_To do_
A bare number is the only acceptable answer: how many lines of these entries include "ultimately"?

※ ※ ※

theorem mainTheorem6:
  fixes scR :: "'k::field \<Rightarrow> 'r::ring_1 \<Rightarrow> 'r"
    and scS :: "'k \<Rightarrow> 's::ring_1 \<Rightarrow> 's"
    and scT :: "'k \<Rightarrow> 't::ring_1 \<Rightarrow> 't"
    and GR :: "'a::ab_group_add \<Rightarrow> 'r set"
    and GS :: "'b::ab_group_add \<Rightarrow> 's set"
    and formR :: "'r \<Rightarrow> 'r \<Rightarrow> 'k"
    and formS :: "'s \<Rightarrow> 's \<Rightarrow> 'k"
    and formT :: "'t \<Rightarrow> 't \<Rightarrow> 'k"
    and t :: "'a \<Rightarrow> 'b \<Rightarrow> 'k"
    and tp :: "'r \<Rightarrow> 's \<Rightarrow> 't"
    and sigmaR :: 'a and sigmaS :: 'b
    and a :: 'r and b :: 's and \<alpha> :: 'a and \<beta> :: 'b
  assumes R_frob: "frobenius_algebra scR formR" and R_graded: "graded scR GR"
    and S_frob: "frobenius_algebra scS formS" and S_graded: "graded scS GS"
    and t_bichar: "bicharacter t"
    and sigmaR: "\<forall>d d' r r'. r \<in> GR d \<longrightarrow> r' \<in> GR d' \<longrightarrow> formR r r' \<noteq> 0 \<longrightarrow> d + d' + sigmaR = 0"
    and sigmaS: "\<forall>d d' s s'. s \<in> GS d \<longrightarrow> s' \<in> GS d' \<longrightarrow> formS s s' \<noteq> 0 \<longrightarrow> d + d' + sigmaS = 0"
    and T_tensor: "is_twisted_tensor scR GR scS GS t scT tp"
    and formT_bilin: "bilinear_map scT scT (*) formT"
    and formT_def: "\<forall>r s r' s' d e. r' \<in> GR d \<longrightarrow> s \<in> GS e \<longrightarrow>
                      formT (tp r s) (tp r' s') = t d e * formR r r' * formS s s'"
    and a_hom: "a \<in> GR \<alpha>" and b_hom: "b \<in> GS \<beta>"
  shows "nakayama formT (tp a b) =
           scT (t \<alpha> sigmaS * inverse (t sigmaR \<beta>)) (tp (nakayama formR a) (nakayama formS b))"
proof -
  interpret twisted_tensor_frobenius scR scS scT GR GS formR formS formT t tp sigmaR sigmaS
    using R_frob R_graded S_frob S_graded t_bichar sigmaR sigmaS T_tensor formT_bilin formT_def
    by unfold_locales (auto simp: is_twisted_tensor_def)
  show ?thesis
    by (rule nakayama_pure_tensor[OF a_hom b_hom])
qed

※ ※ ※

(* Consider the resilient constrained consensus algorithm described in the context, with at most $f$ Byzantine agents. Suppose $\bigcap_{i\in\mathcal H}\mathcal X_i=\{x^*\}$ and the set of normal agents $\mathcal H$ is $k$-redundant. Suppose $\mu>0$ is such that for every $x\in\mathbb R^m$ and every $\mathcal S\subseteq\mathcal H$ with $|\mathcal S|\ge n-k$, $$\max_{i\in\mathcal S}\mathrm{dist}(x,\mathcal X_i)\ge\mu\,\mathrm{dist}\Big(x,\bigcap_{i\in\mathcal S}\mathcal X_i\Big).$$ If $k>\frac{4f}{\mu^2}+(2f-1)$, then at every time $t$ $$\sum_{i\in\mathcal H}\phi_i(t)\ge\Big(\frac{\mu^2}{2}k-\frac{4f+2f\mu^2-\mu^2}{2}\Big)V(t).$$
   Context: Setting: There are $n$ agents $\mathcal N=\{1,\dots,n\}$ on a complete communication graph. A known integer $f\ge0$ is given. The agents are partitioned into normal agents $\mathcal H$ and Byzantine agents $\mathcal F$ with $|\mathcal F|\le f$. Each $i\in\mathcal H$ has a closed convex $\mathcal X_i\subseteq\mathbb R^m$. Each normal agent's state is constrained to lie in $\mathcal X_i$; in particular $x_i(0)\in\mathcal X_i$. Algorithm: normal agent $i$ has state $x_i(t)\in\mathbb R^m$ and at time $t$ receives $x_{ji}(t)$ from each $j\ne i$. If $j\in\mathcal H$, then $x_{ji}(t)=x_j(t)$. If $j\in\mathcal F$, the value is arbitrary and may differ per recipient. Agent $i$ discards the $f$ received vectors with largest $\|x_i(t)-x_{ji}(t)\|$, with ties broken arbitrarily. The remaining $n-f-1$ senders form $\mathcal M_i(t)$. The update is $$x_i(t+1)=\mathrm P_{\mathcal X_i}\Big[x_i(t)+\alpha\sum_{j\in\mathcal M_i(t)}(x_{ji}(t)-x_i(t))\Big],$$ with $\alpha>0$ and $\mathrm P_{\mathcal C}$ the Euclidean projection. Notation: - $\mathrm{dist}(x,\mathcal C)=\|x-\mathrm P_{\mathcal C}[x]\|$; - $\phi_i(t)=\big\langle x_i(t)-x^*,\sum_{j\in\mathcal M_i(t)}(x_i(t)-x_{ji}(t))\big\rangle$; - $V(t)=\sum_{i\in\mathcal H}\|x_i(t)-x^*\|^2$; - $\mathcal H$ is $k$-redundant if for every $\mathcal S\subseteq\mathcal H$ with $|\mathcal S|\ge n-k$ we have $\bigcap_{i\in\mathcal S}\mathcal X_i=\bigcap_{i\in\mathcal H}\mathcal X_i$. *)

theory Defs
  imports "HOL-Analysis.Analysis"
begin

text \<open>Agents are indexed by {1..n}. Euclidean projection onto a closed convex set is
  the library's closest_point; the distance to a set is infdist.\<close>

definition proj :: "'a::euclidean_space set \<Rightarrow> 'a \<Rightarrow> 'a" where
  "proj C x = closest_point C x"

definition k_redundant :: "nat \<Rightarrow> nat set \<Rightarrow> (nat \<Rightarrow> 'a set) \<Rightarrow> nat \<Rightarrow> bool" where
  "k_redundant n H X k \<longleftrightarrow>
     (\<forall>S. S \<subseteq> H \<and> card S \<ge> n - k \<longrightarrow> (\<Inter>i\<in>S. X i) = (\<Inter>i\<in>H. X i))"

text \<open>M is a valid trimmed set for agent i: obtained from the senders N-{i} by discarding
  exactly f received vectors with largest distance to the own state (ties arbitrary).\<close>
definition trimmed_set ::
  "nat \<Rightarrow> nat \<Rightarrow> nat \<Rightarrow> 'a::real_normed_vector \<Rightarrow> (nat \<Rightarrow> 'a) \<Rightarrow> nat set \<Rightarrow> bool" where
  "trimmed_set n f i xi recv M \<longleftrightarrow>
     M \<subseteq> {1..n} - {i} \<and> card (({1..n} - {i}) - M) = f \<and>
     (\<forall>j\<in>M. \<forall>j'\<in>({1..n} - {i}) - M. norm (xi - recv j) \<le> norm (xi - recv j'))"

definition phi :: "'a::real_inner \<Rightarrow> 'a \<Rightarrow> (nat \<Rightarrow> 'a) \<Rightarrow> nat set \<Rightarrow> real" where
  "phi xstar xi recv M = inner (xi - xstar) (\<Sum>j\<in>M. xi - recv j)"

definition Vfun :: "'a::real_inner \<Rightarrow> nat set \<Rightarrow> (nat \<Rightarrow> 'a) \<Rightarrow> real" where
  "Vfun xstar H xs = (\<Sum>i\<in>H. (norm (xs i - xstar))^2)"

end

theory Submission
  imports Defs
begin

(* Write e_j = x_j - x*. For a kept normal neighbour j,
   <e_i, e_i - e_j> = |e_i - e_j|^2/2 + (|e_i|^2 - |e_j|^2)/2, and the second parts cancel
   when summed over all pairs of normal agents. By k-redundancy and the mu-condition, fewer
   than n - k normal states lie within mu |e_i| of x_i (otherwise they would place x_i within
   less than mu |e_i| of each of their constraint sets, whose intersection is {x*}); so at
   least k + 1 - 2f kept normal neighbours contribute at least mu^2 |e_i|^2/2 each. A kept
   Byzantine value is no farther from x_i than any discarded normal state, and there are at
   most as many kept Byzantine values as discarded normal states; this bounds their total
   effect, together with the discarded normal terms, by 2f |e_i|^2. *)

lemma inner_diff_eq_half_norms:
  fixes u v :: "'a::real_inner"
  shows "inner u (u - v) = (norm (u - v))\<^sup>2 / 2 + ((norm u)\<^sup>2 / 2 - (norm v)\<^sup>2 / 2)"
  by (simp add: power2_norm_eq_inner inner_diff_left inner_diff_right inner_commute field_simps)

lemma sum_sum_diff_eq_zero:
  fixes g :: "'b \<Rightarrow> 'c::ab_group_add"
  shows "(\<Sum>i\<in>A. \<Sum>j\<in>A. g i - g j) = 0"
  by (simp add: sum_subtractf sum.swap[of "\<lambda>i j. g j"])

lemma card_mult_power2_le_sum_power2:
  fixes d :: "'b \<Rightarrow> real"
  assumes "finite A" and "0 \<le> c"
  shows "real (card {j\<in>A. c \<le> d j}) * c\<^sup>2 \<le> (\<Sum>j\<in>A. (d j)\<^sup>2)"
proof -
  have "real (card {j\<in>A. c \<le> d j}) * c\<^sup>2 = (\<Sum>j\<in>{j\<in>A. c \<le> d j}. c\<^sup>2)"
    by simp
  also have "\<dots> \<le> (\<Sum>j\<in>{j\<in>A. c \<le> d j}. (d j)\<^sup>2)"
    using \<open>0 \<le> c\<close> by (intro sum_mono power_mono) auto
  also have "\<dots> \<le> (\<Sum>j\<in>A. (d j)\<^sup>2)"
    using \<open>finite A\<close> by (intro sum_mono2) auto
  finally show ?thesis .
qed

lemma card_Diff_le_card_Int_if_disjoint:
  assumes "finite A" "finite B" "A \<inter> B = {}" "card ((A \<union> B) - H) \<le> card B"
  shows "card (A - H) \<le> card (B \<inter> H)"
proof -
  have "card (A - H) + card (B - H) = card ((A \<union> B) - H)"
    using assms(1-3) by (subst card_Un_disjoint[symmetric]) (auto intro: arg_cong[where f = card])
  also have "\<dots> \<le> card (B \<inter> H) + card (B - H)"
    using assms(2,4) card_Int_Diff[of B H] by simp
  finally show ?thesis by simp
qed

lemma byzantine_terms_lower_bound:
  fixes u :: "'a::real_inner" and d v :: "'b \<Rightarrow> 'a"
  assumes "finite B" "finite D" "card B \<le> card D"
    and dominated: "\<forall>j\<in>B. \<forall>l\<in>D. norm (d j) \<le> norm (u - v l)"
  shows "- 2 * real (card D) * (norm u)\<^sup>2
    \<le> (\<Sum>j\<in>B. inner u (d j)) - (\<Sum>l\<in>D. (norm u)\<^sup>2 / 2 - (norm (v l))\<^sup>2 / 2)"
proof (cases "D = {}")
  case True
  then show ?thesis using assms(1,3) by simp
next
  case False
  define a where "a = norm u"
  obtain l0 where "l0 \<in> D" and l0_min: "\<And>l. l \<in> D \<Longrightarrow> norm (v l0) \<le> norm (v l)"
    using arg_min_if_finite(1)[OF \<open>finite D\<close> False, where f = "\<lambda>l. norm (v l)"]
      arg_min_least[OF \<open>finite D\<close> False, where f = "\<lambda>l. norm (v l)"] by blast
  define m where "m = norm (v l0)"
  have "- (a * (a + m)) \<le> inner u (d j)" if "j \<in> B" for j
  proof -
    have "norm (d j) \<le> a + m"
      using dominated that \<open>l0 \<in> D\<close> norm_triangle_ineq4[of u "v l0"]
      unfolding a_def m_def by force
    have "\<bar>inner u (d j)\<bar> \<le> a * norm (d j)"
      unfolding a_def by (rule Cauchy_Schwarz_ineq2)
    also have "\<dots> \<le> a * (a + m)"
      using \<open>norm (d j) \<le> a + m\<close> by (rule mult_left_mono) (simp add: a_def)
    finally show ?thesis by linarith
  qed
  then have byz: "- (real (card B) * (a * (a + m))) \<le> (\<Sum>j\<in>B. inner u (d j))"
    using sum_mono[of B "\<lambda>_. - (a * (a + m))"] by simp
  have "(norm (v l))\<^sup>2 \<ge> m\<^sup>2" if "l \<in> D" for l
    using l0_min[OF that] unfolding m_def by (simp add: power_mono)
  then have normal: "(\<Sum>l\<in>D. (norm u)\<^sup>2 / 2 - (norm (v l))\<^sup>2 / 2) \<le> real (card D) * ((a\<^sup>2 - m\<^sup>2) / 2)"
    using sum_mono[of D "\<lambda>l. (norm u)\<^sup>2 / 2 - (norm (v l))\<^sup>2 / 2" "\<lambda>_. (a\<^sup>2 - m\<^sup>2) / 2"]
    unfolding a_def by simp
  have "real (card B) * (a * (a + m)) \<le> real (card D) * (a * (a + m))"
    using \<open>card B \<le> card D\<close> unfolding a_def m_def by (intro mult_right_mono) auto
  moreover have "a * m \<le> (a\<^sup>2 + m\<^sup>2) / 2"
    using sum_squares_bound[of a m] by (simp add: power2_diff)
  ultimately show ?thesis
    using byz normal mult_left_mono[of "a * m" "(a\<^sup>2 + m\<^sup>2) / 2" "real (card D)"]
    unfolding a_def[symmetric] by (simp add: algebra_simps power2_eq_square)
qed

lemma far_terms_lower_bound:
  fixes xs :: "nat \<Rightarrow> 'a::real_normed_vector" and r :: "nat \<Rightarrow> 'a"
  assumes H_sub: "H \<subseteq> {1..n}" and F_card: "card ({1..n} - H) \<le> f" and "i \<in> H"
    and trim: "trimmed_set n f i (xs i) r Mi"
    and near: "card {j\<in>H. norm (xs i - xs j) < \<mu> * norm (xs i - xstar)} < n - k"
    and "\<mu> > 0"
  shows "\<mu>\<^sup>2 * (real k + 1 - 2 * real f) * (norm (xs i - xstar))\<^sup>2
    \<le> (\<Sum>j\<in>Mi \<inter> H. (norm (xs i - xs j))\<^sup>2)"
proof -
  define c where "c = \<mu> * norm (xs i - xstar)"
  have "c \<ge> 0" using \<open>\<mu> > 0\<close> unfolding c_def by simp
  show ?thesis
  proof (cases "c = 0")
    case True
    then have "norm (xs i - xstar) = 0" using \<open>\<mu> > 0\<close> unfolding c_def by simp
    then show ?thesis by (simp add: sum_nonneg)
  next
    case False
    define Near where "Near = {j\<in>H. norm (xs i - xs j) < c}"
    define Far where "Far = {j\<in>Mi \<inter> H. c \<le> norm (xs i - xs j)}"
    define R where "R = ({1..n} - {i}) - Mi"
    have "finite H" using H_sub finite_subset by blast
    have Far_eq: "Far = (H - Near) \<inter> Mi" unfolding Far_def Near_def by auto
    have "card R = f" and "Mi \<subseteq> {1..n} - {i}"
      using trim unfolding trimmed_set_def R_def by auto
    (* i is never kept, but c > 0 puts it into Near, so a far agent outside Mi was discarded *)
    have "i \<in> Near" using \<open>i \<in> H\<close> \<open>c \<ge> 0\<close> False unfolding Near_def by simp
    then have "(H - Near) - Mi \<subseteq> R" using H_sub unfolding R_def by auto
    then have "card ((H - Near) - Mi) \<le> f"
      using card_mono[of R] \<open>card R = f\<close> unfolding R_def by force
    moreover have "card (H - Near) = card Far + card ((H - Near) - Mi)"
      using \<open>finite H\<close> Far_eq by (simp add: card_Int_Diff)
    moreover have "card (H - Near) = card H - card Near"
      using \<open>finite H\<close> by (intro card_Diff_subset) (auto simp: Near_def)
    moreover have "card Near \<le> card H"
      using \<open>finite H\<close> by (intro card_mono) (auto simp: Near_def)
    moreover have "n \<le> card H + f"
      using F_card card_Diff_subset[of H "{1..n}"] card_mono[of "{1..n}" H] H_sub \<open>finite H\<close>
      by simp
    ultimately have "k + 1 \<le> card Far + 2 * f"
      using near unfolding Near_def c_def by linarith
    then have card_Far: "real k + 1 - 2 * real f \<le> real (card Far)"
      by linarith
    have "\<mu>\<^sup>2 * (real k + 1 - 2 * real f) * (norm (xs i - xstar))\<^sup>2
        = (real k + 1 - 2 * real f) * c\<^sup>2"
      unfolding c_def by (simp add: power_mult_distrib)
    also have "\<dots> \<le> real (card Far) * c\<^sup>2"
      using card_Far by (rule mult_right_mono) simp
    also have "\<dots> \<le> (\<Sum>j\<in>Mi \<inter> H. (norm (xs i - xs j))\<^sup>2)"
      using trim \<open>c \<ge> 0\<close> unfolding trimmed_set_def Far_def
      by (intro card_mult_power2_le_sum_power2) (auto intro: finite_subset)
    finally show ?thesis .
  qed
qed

※ ※ ※

_Result for this task_
2